» Task directions: Exactly the lines starting at the line containing "using r c by simp" and ending at the line containing "1)) = (\<Prod>k<n." are to be written out from the listing below, both included.

Source information Start Marker

lemma fps_nth_prod_linear_factors_top:
  fixes c :: "nat \<Rightarrow> 'a::comm_ring_1"
  shows "fps_nth (\<Prod>i<m. 1 + fps_const (c i) * fps_X) m = (\<Prod>i<m. c i)"
proof (induction m)
  case (Suc m)
  then have "fps_nth (\<Prod>i<Suc m. 1 + fps_const (c i) * fps_X) (Suc m) = c m * (\<Prod>i<m. c i)"
    by (simp add: fps_nth_mult_linear fps_nth_prod_linear_factors_above)
  then show ?case by (simp add: mult.commute)
qed simp

lemma fps_compose_linear_factor:
  fixes c :: "'a::comm_ring_1"
  shows "(1 + fps_const b * fps_X) oo (fps_const c * fps_X) = 1 + fps_const (c * b) * fps_X"
proof -
  have "(fps_const b * fps_X) oo (fps_const c * fps_X) = fps_const b * (fps_const c * fps_X)"
    by (simp flip: fps_const_mult_apply_left)
  also have "\<dots> = fps_const (c * b) * fps_X"
    by (simp add: mult.commute mult.left_commute)
  finally show ?thesis
    by (simp add: fps_compose_add_distrib)
qed

lemma fps_coeff_compose_linear:
  fixes F :: "'a::comm_ring_1 fps"
  shows "fps_coeff (F oo (fps_const c * fps_X)) n = c ^ nat n * fps_coeff F n"
  by (simp add: fps_coeff_def)

lemma fps_coeff_mult_linear:
  fixes F :: "'a::comm_ring_1 fps"
  shows "fps_coeff (F * (1 + fps_const b * fps_X)) n = fps_coeff F n + b * fps_coeff F (n - 1)"
  by (simp add: fps_coeff_def fps_nth_mult_linear nat_diff_distrib)

lemma fps_coeff_mult:
  fixes F G :: "'a::comm_ring_1 fps"
  assumes "\<And>j. n \<le> j \<Longrightarrow> fps_nth G j = 0"
  shows "fps_coeff (F * G) m = (\<Sum>j<n. fps_coeff F (m - int j) * fps_nth G j)"
proof (cases "m < 0")
  case False
  then obtain k where m: "m = int k" by (metis nonneg_int_cases not_less)
  have "fps_coeff (F * G) m = (\<Sum>j=0..k. fps_coeff F (m - int j) * fps_nth G j)"
    unfolding m fps_coeff_def fps_mult_nth
    by (subst sum.atLeastAtMost_rev) (auto simp: nat_diff_distrib intro!: sum.cong)
  also have "\<dots> = (\<Sum>j<k + 1 + n. fps_coeff F (m - int j) * fps_nth G j)"
    by (rule sum.mono_neutral_left) (auto simp: fps_coeff_def m)
  also have "\<dots> = (\<Sum>j<n. fps_coeff F (m - int j) * fps_nth G j)"
    by (rule sum.mono_neutral_right) (auto simp: assms)
  finally show ?thesis .
qed (simp add: fps_coeff_def)

section \<open>Determinants\<close>

lemma det_mat_diag: "det (mat_diag n f) = (\<Prod>i<n. f i)"
  unfolding mat_diag_def
  by (subst det_upper_triangular[of _ n])
    (auto simp: upper_triangular_def prod_list_diag_prod atLeast0LessThan)

lemma det_scale_rows:
  fixes s :: "nat \<Rightarrow> 'a::comm_ring_1"
  shows "det (mat n n (\<lambda>(i, j). s i * f i j)) = (\<Prod>i<n. s i) * det (mat n n (\<lambda>(i, j). f i j))"
proof -
  have "mat n n (\<lambda>(i, j). s i * f i j) = mat_diag n s * mat n n (\<lambda>(i, j). f i j)"
    by (subst mat_diag_mult_left[of _ n n]) auto
  then show ?thesis by (simp add: det_mult[of _ n] det_mat_diag)
qed

lemma det_multcol:
  fixes A :: "'a::comm_ring_1 mat"
  assumes "A \<in> carrier_mat n n" and "k < n"
  shows "det (multcol k a A) = a * det A"
  using assms by (simp add: multcol_mat det_mult[of _ n] det_multrow_mat)

lemma det_fps_coeff_mult_triangular:
  fixes F :: "'a::comm_ring_1 fps" and Q :: "nat \<Rightarrow> 'a fps" and e :: "nat \<Rightarrow> int"
  assumes deg: "\<And>d j. d < j \<Longrightarrow> fps_nth (Q d) j = 0"
  shows "det (mat n n (\<lambda>(r, c). fps_coeff (F * Q (n - 1 - c)) (e r)))
       = det (mat n n (\<lambda>(r, k). fps_coeff F (e r - int (n - 1 - k)))) * (\<Prod>d<n. fps_nth (Q d) d)"
proof -
  define A where "A = mat n n (\<lambda>(r, k). fps_coeff F (e r - int (n - 1 - k)))"
  define U where "U = mat n n (\<lambda>(k, c). fps_nth (Q (n - 1 - c)) (n - 1 - k))"
  have "mat n n (\<lambda>(r, c). fps_coeff (F * Q (n - 1 - c)) (e r)) = A * U"
  proof (rule eq_matI)
    fix r c assume "r < dim_row (A * U)" "c < dim_col (A * U)"
    then have r: "r < n" and c: "c < n" by (simp_all add: A_def U_def)
    have "(A * U) $$ (r, c)
        = (\<Sum>k<n. fps_coeff F (e r - int (n - Suc k)) * fps_nth (Q (n - 1 - c)) (n - Suc k))"
      using r c by (simp add: A_def U_def scalar_prod_def lessThan_atLeast0)
    also have "\<dots> = (\<Sum>j<n. fps_coeff F (e r - int j) * fps_nth (Q (n - 1 - c)) j)"
      by (rule sum.nat_diff_reindex)
    also have "\<dots> = fps_coeff (F * Q (n - 1 - c)) (e r)"
      by (intro fps_coeff_mult[symmetric] deg) (use c in linarith)
    finally show "mat n n (\<lambda>(r, c). fps_coeff (F * Q (n - 1 - c)) (e r)) $$ (r, c) = (A * U) $$ (r, c)"
      using r c by simp
  qed (simp_all add: A_def U_def)
  moreover have "det U = (\<Prod>d<n. fps_nth (Q d) d)"
  proof -
    have "det U = (\<Prod>c<n. fps_nth (Q (n - 1 - c)) (n - 1 - c))"
      unfolding U_def
      by (subst det_lower_triangular[of n]) (auto simp: deg prod_list_diag_prod atLeast0LessThan)
    also have "\<dots> = (\<Prod>d<n. fps_nth (Q d) d)"
      using prod.nat_diff_reindex[of "\<lambda>d. fps_nth (Q d) d" n] by simp
    finally show ?thesis .
  qed
  ultimately show ?thesis
    by (simp add: det_mult[of _ n] A_def U_def)
qed

lemma choose_three: "n choose 3 = n * (n - 1) * (n - 2) div 6"
proof (cases "n \<ge> 3")
  case True
  define m where "m = n - 3"
  with True have n: "n = Suc (Suc (Suc m))"
    by simp
  have "fact n = n * (n - 1) * (n - 2) * fact (n - 3)"
    unfolding n numeral_3_eq_3 numeral_2_eq_2
    by (simp only: fact_Suc diff_Suc_1 diff_Suc_Suc diff_zero mult.assoc of_nat_id)
  moreover have "fact 3 = (6::nat)"
    by (simp add: numeral_3_eq_3)
  ultimately show ?thesis
    using binomial_fact'[OF True] by simp
next
  case False
  then have "n = 0 \<or> n = 1 \<or> n = 2" by auto
  then show ?thesis by (auto simp: numeral_3_eq_3)
qed

lemma prod_lessThan_geometric:
  fixes c q :: "'a::comm_monoid_mult"
  shows "(\<Prod>i<k. c * q ^ i) = c ^ k * q ^ (k choose 2)"
  by (induction k) (simp_all add: numeral_2_eq_2 power_add mult_ac)

lemma prod_lessThan_triangle:
  fixes c q :: "'a::comm_monoid_mult"
  shows "(\<Prod>k<n. \<Prod>i<k. c * q ^ i) = c ^ (n choose 2) * q ^ (n choose 3)"
  by (induction n)
    (simp_all add: prod_lessThan_geometric numeral_2_eq_2 numeral_3_eq_3 power_add mult_ac)

lemma prod_lessThan_odd_powers:
  fixes q :: "'a::comm_monoid_mult"
  shows "(\<Prod>r<n. q ^ (2 * (n - 1 - r) + 1)) = q ^ (n * n)"
proof -
  have "(\<Prod>r<n. q ^ (2 * (n - 1 - r) + 1)) = (\<Prod>k<n. q ^ (2 * k + 1))"
    using prod.nat_diff_reindex[of "\<lambda>k. q ^ (2 * k + 1)" n] by simp
  also have "\<dots> = q ^ (\<Sum>k<n. 2 * k + 1)"
    by (rule power_sum[symmetric])
  also have "(\<Sum>k<n. 2 * k + 1) = n * n"
    by (induction n) simp_all
  finally show ?thesis .
qed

Source information End Marker

» Final answer:
      using r c by simp
  qed (simp_all add: A_def U_def)
  moreover have "det U = (\<Prod>d<n. fps_nth (Q d) d)"
  proof -
    have "det U = (\<Prod>c<n. fps_nth (Q (n - 1 - c)) (n - 1 - c))"
      unfolding U_def
      by (subst det_lower_triangular[of n]) (auto simp: deg prod_list_diag_prod atLeast0LessThan)
    also have "\<dots> = (\<Prod>d<n. fps_nth (Q d) d)"
      using prod.nat_diff_reindex[of "\<lambda>d. fps_nth (Q d) d" n] by simp
    finally show ?thesis .
  qed
  ultimately show ?thesis
    by (simp add: det_mult[of _ n] A_def U_def)
qed

lemma choose_three: "n choose 3 = n * (n - 1) * (n - 2) div 6"
proof (cases "n \<ge> 3")
  case True
  define m where "m = n - 3"
  with True have n: "n = Suc (Suc (Suc m))"
    by simp
  have "fact n = n * (n - 1) * (n - 2) * fact (n - 3)"
    unfolding n numeral_3_eq_3 numeral_2_eq_2
    by (simp only: fact_Suc diff_Suc_1 diff_Suc_Suc diff_zero mult.assoc of_nat_id)
  moreover have "fact 3 = (6::nat)"
    by (simp add: numeral_3_eq_3)
  ultimately show ?thesis
    using binomial_fact'[OF True] by simp
next
  case False
  then have "n = 0 \<or> n = 1 \<or> n = 2" by auto
  then show ?thesis by (auto simp: numeral_3_eq_3)
qed

lemma prod_lessThan_geometric:
  fixes c q :: "'a::comm_monoid_mult"
  shows "(\<Prod>i<k. c * q ^ i) = c ^ k * q ^ (k choose 2)"
  by (induction k) (simp_all add: numeral_2_eq_2 power_add mult_ac)

lemma prod_lessThan_triangle:
  fixes c q :: "'a::comm_monoid_mult"
  shows "(\<Prod>k<n. \<Prod>i<k. c * q ^ i) = c ^ (n choose 2) * q ^ (n choose 3)"
  by (induction n)
    (simp_all add: prod_lessThan_geometric numeral_2_eq_2 numeral_3_eq_3 power_add mult_ac)

lemma prod_lessThan_odd_powers:
  fixes q :: "'a::comm_monoid_mult"
  shows "(\<Prod>r<n. q ^ (2 * (n - 1 - r) + 1)) = q ^ (n * n)"
proof -
  have "(\<Prod>r<n. q ^ (2 * (n - 1 - r) + 1)) = (\<Prod>k<n. q ^ (2 * k + 1))"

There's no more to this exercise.